> _Task to complete_
Below are several records. Retype exactly those lines running from the one with "then show ?case" through the one with "proof (intro exI conjI allI impI)", end lines included, and no others.

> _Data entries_
▼
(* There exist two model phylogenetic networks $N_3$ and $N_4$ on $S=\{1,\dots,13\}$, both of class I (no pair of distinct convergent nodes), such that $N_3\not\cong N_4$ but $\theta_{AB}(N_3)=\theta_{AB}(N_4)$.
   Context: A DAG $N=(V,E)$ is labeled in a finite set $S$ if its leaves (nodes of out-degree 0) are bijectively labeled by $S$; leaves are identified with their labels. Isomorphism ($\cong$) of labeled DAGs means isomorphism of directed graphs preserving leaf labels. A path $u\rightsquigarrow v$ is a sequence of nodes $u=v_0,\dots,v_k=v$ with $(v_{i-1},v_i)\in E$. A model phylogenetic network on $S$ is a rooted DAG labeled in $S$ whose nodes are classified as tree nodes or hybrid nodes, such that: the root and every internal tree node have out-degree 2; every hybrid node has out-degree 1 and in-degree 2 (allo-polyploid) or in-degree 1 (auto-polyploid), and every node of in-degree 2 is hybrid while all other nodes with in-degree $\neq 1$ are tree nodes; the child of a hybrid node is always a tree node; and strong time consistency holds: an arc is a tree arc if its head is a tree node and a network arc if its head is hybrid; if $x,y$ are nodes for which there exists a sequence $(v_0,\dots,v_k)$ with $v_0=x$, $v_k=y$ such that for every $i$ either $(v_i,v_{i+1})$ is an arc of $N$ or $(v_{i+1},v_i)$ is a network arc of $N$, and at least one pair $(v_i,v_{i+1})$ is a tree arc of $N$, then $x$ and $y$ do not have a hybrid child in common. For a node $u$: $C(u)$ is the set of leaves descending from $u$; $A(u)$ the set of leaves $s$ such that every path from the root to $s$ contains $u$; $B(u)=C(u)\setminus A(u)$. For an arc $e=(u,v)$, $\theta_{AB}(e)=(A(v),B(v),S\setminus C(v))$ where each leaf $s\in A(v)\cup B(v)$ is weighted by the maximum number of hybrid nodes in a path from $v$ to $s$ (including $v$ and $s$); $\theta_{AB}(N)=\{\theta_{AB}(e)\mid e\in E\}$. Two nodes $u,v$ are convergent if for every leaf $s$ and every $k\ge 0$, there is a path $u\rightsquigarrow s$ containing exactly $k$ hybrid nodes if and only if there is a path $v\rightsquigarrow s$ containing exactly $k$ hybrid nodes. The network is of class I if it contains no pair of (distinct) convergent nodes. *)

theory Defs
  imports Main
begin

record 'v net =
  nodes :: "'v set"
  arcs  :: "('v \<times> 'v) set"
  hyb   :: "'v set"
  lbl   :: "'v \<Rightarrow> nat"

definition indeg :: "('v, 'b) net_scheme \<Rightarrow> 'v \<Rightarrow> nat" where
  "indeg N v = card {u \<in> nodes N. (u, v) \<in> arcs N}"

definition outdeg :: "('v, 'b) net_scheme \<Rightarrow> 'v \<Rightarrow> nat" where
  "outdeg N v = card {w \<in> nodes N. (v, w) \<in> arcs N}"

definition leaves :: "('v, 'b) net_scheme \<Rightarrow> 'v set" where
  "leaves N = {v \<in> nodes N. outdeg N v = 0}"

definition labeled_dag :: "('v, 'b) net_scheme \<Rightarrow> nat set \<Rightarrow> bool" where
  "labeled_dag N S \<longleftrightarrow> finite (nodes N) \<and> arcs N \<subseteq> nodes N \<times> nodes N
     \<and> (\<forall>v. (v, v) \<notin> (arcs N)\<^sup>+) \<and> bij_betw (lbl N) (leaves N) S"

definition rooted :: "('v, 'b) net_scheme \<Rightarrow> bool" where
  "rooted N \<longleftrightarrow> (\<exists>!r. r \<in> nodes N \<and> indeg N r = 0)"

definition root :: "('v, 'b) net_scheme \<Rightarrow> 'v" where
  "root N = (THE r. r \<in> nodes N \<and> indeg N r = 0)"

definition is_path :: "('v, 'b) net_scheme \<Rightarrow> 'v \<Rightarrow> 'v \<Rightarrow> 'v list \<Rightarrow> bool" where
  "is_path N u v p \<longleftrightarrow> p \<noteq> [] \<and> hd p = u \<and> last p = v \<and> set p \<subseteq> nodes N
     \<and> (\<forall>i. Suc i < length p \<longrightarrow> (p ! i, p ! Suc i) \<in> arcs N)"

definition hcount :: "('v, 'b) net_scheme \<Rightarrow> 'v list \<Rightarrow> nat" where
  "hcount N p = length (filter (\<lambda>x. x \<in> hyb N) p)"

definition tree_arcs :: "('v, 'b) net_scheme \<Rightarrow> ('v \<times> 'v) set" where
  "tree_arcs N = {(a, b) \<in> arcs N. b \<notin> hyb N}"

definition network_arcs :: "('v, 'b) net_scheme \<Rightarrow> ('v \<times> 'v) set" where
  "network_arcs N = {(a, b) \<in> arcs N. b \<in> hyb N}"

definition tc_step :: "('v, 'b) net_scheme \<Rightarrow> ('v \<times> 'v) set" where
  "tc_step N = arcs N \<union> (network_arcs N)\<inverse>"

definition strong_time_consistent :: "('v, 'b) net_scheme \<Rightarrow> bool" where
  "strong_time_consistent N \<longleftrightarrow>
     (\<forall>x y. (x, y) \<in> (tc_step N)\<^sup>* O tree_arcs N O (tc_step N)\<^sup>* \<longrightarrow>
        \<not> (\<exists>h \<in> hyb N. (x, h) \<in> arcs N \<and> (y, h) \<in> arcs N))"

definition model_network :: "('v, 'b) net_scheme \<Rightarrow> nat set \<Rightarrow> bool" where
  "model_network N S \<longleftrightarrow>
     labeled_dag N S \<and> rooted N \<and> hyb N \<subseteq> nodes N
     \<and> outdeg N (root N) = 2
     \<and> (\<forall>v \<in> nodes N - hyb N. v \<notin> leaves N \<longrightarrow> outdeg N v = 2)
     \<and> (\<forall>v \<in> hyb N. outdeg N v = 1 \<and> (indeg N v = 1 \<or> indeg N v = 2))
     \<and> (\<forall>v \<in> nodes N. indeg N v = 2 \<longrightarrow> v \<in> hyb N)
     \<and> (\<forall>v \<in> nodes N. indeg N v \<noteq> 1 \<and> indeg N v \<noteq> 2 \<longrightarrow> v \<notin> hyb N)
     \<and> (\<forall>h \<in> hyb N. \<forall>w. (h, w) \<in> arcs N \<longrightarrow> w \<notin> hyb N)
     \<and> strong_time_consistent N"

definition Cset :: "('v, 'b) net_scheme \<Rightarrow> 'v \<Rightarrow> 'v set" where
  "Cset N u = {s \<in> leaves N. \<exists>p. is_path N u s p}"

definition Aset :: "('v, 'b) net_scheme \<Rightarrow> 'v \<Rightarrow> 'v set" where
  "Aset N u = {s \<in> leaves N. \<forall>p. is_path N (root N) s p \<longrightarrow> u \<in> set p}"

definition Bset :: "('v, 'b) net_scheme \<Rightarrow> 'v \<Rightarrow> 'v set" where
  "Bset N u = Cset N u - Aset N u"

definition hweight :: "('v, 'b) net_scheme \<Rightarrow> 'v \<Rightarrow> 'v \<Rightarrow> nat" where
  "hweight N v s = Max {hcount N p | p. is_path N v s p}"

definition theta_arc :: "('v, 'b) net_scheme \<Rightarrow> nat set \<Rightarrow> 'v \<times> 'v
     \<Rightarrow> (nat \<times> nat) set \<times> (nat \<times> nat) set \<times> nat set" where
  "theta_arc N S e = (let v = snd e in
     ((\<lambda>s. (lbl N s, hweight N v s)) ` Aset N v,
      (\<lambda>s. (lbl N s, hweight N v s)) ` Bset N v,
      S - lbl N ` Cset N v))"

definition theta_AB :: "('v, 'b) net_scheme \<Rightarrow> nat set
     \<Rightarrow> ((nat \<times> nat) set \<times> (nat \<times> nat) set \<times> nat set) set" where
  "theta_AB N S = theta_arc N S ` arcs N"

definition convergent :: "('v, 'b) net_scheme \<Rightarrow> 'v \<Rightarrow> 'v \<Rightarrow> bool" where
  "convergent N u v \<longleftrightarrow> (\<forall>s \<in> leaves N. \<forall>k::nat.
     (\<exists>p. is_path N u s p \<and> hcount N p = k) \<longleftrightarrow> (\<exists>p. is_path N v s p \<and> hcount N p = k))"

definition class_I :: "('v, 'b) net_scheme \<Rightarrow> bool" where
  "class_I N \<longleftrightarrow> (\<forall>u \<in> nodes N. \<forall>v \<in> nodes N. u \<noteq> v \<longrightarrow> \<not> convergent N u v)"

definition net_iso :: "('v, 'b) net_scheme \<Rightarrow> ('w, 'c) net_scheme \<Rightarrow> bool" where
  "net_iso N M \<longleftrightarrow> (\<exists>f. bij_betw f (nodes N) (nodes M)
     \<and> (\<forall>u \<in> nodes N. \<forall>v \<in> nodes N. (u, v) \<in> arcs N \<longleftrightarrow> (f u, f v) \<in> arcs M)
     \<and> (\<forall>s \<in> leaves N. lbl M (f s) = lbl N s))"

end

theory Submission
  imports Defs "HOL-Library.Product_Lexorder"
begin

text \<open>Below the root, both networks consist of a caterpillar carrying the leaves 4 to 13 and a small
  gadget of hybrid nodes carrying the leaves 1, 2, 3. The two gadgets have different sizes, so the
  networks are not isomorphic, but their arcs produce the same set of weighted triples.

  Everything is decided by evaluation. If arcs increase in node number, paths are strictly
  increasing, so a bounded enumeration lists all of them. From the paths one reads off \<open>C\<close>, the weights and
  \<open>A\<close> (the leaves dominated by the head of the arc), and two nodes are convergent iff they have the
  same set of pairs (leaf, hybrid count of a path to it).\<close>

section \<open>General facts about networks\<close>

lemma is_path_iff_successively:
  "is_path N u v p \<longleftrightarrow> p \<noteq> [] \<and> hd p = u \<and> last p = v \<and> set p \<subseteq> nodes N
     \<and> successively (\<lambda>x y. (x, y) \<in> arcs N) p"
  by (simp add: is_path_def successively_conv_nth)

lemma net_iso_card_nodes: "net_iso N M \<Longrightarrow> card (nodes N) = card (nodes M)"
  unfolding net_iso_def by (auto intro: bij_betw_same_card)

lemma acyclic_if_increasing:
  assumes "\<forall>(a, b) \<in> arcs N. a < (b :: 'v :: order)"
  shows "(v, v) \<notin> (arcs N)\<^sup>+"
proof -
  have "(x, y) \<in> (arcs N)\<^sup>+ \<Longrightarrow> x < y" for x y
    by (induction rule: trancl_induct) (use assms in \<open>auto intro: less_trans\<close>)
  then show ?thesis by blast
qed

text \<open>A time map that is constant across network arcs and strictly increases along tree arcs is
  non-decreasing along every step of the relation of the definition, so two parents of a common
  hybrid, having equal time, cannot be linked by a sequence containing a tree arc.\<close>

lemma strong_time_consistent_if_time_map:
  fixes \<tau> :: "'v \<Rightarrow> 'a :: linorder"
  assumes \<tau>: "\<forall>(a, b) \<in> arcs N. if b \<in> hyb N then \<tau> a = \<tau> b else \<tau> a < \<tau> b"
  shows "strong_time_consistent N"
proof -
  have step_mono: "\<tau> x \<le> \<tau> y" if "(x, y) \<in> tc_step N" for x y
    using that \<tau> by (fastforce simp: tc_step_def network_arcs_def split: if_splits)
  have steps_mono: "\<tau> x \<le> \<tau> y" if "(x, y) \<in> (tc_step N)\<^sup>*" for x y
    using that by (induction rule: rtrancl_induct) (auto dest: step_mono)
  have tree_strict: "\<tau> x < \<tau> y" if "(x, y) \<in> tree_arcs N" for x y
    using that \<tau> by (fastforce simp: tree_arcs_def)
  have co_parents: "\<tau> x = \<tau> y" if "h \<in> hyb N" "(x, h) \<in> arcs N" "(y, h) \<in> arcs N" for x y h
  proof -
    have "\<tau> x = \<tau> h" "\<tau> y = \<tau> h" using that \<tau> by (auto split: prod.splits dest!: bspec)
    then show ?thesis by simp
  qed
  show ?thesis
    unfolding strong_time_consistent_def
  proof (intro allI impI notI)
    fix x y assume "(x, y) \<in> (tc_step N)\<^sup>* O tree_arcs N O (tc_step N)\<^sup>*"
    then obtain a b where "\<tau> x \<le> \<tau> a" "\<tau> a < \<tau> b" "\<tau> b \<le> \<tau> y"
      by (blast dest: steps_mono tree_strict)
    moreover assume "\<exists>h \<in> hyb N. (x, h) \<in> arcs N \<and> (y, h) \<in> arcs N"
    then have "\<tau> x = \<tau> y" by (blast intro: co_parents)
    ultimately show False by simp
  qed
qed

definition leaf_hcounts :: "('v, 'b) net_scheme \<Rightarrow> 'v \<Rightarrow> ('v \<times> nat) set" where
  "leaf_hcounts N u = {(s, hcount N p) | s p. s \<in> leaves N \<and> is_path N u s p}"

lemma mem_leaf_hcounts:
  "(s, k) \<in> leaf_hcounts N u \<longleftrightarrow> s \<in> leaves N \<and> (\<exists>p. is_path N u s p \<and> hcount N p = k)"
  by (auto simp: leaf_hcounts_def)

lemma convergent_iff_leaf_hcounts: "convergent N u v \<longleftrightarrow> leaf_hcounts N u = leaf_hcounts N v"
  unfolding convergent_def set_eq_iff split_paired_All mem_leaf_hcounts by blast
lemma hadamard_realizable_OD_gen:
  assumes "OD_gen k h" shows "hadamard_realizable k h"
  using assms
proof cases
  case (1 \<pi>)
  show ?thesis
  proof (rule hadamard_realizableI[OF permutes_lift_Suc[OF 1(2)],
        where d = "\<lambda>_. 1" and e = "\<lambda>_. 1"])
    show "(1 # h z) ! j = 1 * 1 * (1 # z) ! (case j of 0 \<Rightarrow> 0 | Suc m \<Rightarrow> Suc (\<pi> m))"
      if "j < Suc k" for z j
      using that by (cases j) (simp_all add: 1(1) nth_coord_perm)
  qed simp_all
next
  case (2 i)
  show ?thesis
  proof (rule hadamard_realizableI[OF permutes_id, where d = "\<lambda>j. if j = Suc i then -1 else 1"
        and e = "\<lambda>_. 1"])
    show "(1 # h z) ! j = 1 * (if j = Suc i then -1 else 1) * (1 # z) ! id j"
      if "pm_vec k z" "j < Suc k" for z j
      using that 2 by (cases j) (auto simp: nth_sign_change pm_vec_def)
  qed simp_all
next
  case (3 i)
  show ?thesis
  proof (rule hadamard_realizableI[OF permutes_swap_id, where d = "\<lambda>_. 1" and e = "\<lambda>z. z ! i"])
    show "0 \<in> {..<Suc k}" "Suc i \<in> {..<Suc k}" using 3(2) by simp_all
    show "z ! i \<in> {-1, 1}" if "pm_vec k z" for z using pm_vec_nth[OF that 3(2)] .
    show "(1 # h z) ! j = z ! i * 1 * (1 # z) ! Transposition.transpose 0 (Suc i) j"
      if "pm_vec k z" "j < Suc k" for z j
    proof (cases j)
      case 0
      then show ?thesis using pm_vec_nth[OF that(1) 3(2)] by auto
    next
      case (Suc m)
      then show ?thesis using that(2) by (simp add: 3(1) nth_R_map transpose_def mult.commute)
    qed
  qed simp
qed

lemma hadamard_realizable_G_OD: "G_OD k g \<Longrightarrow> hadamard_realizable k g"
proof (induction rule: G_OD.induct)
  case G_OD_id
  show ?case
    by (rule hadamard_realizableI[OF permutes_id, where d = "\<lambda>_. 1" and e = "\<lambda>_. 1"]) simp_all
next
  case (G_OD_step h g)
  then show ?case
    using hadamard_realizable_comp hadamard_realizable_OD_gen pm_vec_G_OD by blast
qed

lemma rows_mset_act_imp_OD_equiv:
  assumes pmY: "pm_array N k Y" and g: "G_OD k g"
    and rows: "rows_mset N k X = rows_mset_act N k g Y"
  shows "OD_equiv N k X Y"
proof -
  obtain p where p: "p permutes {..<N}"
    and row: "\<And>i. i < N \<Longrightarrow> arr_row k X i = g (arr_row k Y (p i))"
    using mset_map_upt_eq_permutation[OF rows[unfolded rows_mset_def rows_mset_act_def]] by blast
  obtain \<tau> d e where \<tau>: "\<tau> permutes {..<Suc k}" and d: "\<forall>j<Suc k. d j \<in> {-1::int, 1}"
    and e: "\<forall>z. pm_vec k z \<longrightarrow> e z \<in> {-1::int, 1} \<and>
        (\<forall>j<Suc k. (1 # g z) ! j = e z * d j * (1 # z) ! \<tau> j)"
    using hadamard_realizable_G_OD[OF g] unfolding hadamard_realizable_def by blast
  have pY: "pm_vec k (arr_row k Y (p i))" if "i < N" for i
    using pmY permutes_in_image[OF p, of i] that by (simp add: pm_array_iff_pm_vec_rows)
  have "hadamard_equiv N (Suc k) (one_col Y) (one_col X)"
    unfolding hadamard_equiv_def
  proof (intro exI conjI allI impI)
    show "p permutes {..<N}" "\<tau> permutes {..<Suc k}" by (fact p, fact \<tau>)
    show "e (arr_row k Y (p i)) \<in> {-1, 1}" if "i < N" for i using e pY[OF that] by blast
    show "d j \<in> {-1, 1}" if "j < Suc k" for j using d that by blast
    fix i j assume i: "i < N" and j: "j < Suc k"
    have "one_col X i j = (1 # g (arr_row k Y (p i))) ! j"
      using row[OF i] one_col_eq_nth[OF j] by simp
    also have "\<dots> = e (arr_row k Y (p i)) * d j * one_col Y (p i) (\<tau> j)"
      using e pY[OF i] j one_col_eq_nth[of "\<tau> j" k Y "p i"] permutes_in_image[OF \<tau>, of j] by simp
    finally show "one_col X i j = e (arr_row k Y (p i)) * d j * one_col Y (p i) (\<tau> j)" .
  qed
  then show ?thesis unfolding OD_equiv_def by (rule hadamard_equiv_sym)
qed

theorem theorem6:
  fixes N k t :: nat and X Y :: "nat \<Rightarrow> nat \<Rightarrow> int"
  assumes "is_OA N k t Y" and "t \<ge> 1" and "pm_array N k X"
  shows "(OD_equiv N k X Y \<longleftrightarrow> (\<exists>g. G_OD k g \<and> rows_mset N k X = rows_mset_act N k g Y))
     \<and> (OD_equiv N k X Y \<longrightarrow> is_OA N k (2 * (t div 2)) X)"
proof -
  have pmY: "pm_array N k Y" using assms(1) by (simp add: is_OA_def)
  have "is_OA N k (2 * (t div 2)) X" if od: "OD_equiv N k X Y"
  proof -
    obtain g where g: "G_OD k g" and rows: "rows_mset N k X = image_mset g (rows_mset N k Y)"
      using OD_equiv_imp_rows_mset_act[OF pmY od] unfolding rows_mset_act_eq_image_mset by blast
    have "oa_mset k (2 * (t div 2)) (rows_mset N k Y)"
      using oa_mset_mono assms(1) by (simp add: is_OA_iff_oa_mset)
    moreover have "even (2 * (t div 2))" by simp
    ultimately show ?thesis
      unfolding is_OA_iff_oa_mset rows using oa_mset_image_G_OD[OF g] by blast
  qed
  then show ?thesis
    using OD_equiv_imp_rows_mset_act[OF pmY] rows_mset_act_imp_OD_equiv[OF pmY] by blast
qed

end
▲
> _Output below_
  then show ?case
    using hadamard_realizable_comp hadamard_realizable_OD_gen pm_vec_G_OD by blast
qed

lemma rows_mset_act_imp_OD_equiv:
  assumes pmY: "pm_array N k Y" and g: "G_OD k g"
    and rows: "rows_mset N k X = rows_mset_act N k g Y"
  shows "OD_equiv N k X Y"
proof -
  obtain p where p: "p permutes {..<N}"
    and row: "\<And>i. i < N \<Longrightarrow> arr_row k X i = g (arr_row k Y (p i))"
    using mset_map_upt_eq_permutation[OF rows[unfolded rows_mset_def rows_mset_act_def]] by blast
  obtain \<tau> d e where \<tau>: "\<tau> permutes {..<Suc k}" and d: "\<forall>j<Suc k. d j \<in> {-1::int, 1}"
    and e: "\<forall>z. pm_vec k z \<longrightarrow> e z \<in> {-1::int, 1} \<and>
        (\<forall>j<Suc k. (1 # g z) ! j = e z * d j * (1 # z) ! \<tau> j)"
    using hadamard_realizable_G_OD[OF g] unfolding hadamard_realizable_def by blast
  have pY: "pm_vec k (arr_row k Y (p i))" if "i < N" for i
    using pmY permutes_in_image[OF p, of i] that by (simp add: pm_array_iff_pm_vec_rows)
  have "hadamard_equiv N (Suc k) (one_col Y) (one_col X)"
    unfolding hadamard_equiv_def
  proof (intro exI conjI allI impI)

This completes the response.